◆ LISTED RECORDS:
lemma simply_connected_inside_jordan_curve:
  assumes "jordan_curve Y"
  shows "simply_connected (inside Y)"
  using assms simply_connected_inside_simple_path unfolding jordan_curve_def by blast

lemma frontier_subset_jordan_curve_imp_eq_inside:
  assumes Y: "jordan_curve Y"
    and W: "open W" "bounded W" "W \<noteq> {}" "frontier W \<subseteq> Y"
  shows "W = inside Y"
proof -
  have out: "connected (outside Y)" "\<not> bounded (outside Y)" "frontier (outside Y) = Y"
    and ins: "connected (inside Y)" "inside Y \<union> outside Y = - Y"
    using jordan_curve_inside_outside[OF Y] by auto
  have "W \<inter> outside Y = {}"
  proof (rule ccontr)
    assume "W \<inter> outside Y \<noteq> {}"
    moreover have "outside Y - W \<noteq> {}"
      using out(2) W(2) bounded_subset by (metis Diff_eq_empty_iff)
    ultimately have "outside Y \<inter> frontier W \<noteq> {}"
      using connected_Int_frontier[OF out(1)] by (simp add: Int_commute)
    then show False
      using W(4) outside_no_overlap by blast
  qed
  then have "W \<inter> closure (outside Y) = {}"
    using W(1) open_Int_closure_eq_empty by blast
  moreover have "Y \<subseteq> closure (outside Y)"
    using out(3) unfolding frontier_def by blast
  ultimately have "W \<subseteq> inside Y"
    using \<open>W \<inter> outside Y = {}\<close> ins(2) by blast
  show ?thesis
  proof (rule ccontr)
    assume "W \<noteq> inside Y"
    then have "inside Y \<inter> W \<noteq> {}" "inside Y - W \<noteq> {}"
      using \<open>W \<subseteq> inside Y\<close> W(3) by blast+
    then have "inside Y \<inter> frontier W \<noteq> {}"
      by (rule connected_Int_frontier[OF ins(1)])
    then show False
      using W(4) inside_no_overlap by blast
  qed
qed
(* For any $K>0$ and $\varepsilon>0$ the following holds. Let $(\Sigma,f,E,A)$ be a two-dimensional periodic linear cocycle that is diagonalizable with positive eigenvalues, bounded by $K$, and admitting no dominated splitting. Then there exist a point $X\in\Sigma$ and a continuous path $\gamma:[0,1]\to C(X)$ such that: (1) $\gamma(0)=A|_{\mathcal{O}(X)}$; (2) $\mathrm{diam}(\gamma)<\varepsilon$; (3) $\det\widetilde{\gamma(t)}$ is independent of $t$; (4) writing $\lambda_m(t)\le\lambda_b(t)$ for the absolute values of the eigenvalues of $\widetilde{\gamma(t)}$, for $s<t$ one has $\lambda_m(s)\le\lambda_m(t)$ and $\lambda_b(s)\ge\lambda_b(t)$; (5) $\widetilde{\gamma(1)}$ has two non-real complex eigenvalues.
   Context: A linear cocycle $(\Sigma,f,E,A)$ consists of a topological space $\Sigma$, a homeomorphism $f$ of $\Sigma$, a Riemannian vector bundle $E$ over $\Sigma$ (here of rank $2$), and linear isomorphisms $A(x):E(x)\to E(f(x))$; $A^n(x)$ denotes the composition along the orbit. It is periodic if every $x\in\Sigma$ is $f$-periodic; diagonalizable with positive eigenvalues if at each $x$ the return map $A^{\mathrm{per}(x)}(x)$ is diagonalizable with positive real eigenvalues. It is bounded by $K$ if $\sup_x\|A(x)\|<K$ and $\sup_x\|A(x)^{-1}\|<K$. It admits a dominated splitting if $E=F\oplus G$ with $F,G$ non-trivial $A$-invariant subbundles and some $n\ge1$ with $\|A^n(x)|_F\|\,\|A^{-n}(f^n(x))|_G\|<1/2$ for all $x$. For $X\in\Sigma$ with orbit $\mathcal{O}(X)$ and period $p$, $C(X)$ is the set of families $\sigma=(\sigma(x))_{x\in\mathcal{O}(X)}$ of linear isomorphisms $\sigma(x):E(x)\to E(f(x))$, with distance $\mathrm{dist}(\sigma_1,\sigma_2)=\max\{\max_x\|\sigma_1(x)-\sigma_2(x)\|,\max_x\|\sigma_1(x)^{-1}-\sigma_2(x)^{-1}\|\}$; $\mathrm{diam}(\gamma)=\max_{s,t}\mathrm{dist}(\gamma(s),\gamma(t))$; $\tilde\sigma=\sigma(f^{p-1}(X))\circ\cdots\circ\sigma(X)$ is the first return map. *)

theory Defs
  imports "HOL-Analysis.Analysis"
begin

◆ ABOUT THIS EXERCISE: The response should consist of all the entries, reproduced word for word.

◆ RESPONSE BELOW:
lemma simply_connected_inside_jordan_curve:
  assumes "jordan_curve Y"
  shows "simply_connected (inside Y)"
  using assms simply_connected_inside_simple_path unfolding jordan_curve_def by blast

lemma frontier_subset_jordan_curve_imp_eq_inside:
  assumes Y: "jordan_curve Y"
    and W: "open W" "bounded W" "W \<noteq> {}" "frontier W \<subseteq> Y"
  shows "W = inside Y"
proof -
  have out: "connected (outside Y)" "\<not> bounded (outside Y)" "frontier (outside Y) = Y"
    and ins: "connected (inside Y)" "inside Y \<union> outside Y = - Y"
    using jordan_curve_inside_outside[OF Y] by auto
  have "W \<inter> outside Y = {}"
  proof (rule ccontr)
    assume "W \<inter> outside Y \<noteq> {}"
    moreover have "outside Y - W \<noteq> {}"
      using out(2) W(2) bounded_subset by (metis Diff_eq_empty_iff)
    ultimately have "outside Y \<inter> frontier W \<noteq> {}"
      using connected_Int_frontier[OF out(1)] by (simp add: Int_commute)
    then show False
      using W(4) outside_no_overlap by blast
  qed
  then have "W \<inter> closure (outside Y) = {}"
    using W(1) open_Int_closure_eq_empty by blast
  moreover have "Y \<subseteq> closure (outside Y)"
    using out(3) unfolding frontier_def by blast
  ultimately have "W \<subseteq> inside Y"
    using \<open>W \<inter> outside Y = {}\<close> ins(2) by blast
  show ?thesis
  proof (rule ccontr)
    assume "W \<noteq> inside Y"
    then have "inside Y \<inter> W \<noteq> {}" "inside Y - W \<noteq> {}"
      using \<open>W \<subseteq> inside Y\<close> W(3) by blast+
    then have "inside Y \<inter> frontier W \<noteq> {}"
      by (rule connected_Int_frontier[OF ins(1)])
    then show False
      using W(4) inside_no_overlap by blast
  qed
qed
(* For any $K>0$ and $\varepsilon>0$ the following holds. Let $(\Sigma,f,E,A)$ be a two-dimensional periodic linear cocycle that is diagonalizable with positive eigenvalues, bounded by $K$, and admitting no dominated splitting. Then there exist a point $X\in\Sigma$ and a continuous path $\gamma:[0,1]\to C(X)$ such that: (1) $\gamma(0)=A|_{\mathcal{O}(X)}$; (2) $\mathrm{diam}(\gamma)<\varepsilon$; (3) $\det\widetilde{\gamma(t)}$ is independent of $t$; (4) writing $\lambda_m(t)\le\lambda_b(t)$ for the absolute values of the eigenvalues of $\widetilde{\gamma(t)}$, for $s<t$ one has $\lambda_m(s)\le\lambda_m(t)$ and $\lambda_b(s)\ge\lambda_b(t)$; (5) $\widetilde{\gamma(1)}$ has two non-real complex eigenvalues.
   Context: A linear cocycle $(\Sigma,f,E,A)$ consists of a topological space $\Sigma$, a homeomorphism $f$ of $\Sigma$, a Riemannian vector bundle $E$ over $\Sigma$ (here of rank $2$), and linear isomorphisms $A(x):E(x)\to E(f(x))$; $A^n(x)$ denotes the composition along the orbit. It is periodic if every $x\in\Sigma$ is $f$-periodic; diagonalizable with positive eigenvalues if at each $x$ the return map $A^{\mathrm{per}(x)}(x)$ is diagonalizable with positive real eigenvalues. It is bounded by $K$ if $\sup_x\|A(x)\|<K$ and $\sup_x\|A(x)^{-1}\|<K$. It admits a dominated splitting if $E=F\oplus G$ with $F,G$ non-trivial $A$-invariant subbundles and some $n\ge1$ with $\|A^n(x)|_F\|\,\|A^{-n}(f^n(x))|_G\|<1/2$ for all $x$. For $X\in\Sigma$ with orbit $\mathcal{O}(X)$ and period $p$, $C(X)$ is the set of families $\sigma=(\sigma(x))_{x\in\mathcal{O}(X)}$ of linear isomorphisms $\sigma(x):E(x)\to E(f(x))$, with distance $\mathrm{dist}(\sigma_1,\sigma_2)=\max\{\max_x\|\sigma_1(x)-\sigma_2(x)\|,\max_x\|\sigma_1(x)^{-1}-\sigma_2(x)^{-1}\|\}$; $\mathrm{diam}(\gamma)=\max_{s,t}\mathrm{dist}(\gamma(s),\gamma(t))$; $\tilde\sigma=\sigma(f^{p-1}(X))\circ\cdots\circ\sigma(X)$ is the first return map. *)

theory Defs
  imports "HOL-Analysis.Analysis"
begin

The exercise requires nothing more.